Please report how many lines in these records contain the string "intro", and give nothing besides the number.

_Source data_:
^^^^^^^^^^^^^^^^
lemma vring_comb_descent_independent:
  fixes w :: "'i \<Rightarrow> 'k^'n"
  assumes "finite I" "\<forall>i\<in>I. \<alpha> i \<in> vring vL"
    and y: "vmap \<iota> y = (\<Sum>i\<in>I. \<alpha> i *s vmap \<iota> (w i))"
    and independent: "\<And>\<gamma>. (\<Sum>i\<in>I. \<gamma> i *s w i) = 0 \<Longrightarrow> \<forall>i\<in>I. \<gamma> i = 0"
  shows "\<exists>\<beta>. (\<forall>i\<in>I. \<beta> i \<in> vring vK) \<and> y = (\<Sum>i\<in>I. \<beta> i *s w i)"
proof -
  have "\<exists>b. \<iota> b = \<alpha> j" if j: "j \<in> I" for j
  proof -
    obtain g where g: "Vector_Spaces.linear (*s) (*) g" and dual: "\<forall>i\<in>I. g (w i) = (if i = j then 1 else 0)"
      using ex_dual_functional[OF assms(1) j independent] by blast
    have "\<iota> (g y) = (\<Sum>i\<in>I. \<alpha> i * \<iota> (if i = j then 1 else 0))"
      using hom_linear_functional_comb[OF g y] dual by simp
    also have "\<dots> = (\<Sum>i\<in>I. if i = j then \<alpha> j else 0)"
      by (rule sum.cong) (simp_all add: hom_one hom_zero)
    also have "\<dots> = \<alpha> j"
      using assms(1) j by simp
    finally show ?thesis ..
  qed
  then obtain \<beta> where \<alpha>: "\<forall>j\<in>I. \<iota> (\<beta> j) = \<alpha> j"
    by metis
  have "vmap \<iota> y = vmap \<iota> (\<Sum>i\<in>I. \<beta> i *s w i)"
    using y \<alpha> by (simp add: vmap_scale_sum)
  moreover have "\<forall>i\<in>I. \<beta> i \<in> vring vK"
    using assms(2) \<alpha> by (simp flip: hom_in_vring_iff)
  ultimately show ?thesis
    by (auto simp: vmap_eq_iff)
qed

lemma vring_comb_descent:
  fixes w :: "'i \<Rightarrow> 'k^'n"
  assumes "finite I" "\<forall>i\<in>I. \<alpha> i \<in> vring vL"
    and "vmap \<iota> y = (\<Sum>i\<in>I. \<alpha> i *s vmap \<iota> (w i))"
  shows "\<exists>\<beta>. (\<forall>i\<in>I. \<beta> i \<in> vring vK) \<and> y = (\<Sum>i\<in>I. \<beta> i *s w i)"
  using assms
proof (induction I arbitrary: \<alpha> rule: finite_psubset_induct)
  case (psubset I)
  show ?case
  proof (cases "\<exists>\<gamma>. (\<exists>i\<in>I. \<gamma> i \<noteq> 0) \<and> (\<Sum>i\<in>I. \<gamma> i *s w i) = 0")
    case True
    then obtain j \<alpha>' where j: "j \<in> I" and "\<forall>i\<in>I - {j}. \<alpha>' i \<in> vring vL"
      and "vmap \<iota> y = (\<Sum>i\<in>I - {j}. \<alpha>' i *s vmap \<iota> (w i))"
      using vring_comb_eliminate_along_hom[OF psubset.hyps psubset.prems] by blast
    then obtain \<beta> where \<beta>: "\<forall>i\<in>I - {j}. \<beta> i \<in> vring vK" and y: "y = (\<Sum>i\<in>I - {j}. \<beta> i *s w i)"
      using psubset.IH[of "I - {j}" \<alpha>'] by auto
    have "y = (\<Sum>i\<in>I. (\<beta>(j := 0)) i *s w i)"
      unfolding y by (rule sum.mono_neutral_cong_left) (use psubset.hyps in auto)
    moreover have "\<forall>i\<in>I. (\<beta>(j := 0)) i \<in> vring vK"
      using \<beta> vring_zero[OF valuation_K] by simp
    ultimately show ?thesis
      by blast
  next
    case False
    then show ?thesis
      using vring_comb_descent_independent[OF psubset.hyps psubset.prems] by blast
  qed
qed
^^^^^^^^^^^^^^^^
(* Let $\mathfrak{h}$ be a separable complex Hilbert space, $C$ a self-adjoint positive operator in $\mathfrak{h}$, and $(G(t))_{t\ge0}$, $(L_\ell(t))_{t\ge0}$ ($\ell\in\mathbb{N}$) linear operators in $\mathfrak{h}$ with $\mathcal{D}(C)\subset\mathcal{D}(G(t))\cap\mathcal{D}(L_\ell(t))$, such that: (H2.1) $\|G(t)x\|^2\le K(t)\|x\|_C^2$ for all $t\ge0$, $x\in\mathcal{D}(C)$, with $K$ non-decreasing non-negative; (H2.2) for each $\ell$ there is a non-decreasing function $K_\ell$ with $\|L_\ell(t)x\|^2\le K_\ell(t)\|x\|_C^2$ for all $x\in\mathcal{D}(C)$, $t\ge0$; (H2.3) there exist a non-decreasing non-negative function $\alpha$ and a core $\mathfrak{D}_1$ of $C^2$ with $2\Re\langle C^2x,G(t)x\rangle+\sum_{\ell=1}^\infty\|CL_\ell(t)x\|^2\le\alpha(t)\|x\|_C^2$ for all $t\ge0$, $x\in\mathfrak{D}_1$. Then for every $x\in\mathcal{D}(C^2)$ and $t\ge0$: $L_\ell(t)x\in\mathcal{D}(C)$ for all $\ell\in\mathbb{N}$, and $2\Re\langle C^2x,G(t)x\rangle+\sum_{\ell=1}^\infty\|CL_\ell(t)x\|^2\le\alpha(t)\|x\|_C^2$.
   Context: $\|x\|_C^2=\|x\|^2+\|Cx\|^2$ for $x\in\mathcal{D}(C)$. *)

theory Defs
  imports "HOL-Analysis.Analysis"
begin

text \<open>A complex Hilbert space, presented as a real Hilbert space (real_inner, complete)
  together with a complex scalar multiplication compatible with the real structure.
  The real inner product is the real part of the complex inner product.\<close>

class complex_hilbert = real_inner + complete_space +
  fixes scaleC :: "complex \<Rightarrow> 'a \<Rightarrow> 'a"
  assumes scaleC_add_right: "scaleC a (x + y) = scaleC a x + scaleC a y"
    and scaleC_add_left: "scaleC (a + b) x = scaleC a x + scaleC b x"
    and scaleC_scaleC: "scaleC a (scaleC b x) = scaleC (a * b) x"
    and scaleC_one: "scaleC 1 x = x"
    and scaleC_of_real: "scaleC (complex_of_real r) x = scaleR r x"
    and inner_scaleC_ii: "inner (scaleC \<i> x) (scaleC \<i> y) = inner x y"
^^^^^^^^^^^^^^^^
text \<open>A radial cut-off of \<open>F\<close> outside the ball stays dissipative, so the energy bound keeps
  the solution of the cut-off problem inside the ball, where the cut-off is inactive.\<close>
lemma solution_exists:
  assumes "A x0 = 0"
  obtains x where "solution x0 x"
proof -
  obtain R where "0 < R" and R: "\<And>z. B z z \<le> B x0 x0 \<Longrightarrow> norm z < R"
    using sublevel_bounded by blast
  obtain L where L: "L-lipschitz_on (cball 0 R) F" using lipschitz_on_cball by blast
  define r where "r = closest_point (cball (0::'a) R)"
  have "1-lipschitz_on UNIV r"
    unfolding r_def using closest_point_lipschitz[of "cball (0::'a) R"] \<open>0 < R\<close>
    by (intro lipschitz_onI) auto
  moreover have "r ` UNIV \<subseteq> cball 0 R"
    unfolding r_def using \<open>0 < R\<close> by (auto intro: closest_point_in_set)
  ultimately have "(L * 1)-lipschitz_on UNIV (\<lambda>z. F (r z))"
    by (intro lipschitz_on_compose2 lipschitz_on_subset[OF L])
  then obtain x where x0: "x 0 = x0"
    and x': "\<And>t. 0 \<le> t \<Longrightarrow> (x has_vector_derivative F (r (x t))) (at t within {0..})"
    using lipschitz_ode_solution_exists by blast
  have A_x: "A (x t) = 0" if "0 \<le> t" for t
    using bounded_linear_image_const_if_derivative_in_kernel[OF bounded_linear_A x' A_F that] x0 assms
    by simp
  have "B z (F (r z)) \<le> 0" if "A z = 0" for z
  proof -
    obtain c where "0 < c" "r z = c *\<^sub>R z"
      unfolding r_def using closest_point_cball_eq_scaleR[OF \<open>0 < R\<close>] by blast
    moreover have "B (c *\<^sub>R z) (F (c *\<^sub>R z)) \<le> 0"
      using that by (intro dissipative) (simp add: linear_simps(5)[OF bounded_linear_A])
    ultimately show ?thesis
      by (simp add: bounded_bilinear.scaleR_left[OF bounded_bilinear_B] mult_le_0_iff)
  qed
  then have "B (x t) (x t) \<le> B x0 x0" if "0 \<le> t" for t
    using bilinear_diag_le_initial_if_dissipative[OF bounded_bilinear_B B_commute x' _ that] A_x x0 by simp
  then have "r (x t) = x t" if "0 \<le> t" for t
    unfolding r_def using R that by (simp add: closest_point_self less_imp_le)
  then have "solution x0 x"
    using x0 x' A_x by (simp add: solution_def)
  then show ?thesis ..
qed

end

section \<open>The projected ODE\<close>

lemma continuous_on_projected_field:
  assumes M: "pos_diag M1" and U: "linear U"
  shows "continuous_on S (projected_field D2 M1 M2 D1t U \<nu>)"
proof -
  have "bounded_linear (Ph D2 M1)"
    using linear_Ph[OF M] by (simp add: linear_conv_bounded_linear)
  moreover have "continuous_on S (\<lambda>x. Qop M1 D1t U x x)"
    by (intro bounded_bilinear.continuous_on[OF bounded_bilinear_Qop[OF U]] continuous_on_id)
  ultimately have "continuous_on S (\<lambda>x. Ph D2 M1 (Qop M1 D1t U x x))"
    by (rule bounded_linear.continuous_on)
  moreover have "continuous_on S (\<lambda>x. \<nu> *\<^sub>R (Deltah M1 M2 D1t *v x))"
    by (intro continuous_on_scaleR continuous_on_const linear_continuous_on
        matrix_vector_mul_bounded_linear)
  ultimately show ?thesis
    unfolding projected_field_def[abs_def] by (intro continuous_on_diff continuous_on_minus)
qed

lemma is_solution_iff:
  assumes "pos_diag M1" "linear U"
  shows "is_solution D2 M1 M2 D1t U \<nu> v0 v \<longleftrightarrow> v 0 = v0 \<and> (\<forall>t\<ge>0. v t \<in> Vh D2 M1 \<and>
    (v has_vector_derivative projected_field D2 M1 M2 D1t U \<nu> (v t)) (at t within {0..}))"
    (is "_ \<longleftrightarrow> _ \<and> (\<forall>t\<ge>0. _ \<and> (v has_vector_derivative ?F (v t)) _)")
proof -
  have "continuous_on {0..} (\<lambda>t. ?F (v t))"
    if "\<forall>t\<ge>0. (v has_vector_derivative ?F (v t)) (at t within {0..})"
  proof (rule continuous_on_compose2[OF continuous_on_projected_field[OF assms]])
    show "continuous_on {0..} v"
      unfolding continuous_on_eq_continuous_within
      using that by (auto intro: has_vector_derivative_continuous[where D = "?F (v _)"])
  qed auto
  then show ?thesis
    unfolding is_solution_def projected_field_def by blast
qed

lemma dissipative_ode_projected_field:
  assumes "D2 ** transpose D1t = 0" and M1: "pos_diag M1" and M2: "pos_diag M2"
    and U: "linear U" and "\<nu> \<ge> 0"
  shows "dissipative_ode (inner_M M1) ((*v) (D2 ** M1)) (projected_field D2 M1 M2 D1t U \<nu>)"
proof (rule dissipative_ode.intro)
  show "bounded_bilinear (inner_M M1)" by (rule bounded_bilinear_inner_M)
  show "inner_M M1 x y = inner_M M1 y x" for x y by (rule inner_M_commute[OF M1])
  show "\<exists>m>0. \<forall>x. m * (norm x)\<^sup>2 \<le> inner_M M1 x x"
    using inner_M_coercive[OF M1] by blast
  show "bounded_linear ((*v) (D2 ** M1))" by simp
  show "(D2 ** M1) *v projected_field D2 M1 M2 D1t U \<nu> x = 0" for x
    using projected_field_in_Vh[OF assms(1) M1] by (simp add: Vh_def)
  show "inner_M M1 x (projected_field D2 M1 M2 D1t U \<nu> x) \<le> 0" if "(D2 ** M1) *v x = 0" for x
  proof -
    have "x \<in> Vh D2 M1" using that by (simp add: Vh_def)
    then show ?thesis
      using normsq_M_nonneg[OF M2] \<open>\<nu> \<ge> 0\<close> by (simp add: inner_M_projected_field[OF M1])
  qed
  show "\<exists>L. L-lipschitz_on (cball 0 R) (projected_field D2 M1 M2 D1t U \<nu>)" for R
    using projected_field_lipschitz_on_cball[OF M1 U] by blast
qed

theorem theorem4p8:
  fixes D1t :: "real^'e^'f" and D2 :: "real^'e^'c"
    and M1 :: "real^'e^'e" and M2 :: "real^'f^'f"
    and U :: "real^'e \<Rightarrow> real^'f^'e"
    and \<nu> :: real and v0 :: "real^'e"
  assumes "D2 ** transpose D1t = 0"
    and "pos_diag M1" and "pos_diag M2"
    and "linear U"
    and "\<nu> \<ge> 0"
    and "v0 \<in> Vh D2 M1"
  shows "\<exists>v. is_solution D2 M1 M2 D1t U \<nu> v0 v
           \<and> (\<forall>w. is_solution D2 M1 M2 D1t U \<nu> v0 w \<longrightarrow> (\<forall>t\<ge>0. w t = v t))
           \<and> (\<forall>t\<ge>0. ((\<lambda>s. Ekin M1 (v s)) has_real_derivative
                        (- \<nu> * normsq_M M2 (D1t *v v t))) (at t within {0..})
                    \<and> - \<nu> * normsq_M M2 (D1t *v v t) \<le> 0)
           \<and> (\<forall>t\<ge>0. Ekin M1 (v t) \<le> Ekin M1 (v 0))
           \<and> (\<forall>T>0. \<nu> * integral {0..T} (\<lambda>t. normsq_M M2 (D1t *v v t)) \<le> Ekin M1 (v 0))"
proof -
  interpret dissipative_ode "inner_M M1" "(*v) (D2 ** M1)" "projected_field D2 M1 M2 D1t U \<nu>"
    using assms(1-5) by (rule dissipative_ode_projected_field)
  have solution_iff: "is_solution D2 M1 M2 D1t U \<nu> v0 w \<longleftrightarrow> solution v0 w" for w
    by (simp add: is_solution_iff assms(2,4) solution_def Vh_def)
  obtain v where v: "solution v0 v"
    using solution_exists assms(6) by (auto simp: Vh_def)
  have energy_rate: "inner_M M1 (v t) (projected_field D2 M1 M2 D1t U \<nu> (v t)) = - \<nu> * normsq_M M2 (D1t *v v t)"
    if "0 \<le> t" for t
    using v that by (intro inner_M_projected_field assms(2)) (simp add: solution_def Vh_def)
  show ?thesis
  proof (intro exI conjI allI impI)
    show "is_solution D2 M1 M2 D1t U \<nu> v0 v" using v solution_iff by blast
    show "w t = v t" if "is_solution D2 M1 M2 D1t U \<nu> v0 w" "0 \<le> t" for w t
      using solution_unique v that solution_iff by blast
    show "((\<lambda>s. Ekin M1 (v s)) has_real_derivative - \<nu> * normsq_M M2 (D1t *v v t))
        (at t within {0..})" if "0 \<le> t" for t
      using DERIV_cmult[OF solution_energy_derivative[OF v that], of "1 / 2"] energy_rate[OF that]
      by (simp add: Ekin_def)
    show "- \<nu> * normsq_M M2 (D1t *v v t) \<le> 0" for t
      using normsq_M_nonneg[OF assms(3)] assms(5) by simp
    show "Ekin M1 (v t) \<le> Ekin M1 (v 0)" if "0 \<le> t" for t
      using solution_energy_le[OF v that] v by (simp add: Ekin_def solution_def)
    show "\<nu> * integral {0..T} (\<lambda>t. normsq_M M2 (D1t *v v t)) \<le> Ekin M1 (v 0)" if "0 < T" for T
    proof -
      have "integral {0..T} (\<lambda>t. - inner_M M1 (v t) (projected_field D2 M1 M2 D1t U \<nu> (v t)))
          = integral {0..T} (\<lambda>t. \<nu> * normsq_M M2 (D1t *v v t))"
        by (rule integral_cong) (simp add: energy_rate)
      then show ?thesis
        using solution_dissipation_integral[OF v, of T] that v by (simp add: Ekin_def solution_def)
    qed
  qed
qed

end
^^^^^^^^^^^^^^^^
_Expected answer_: 11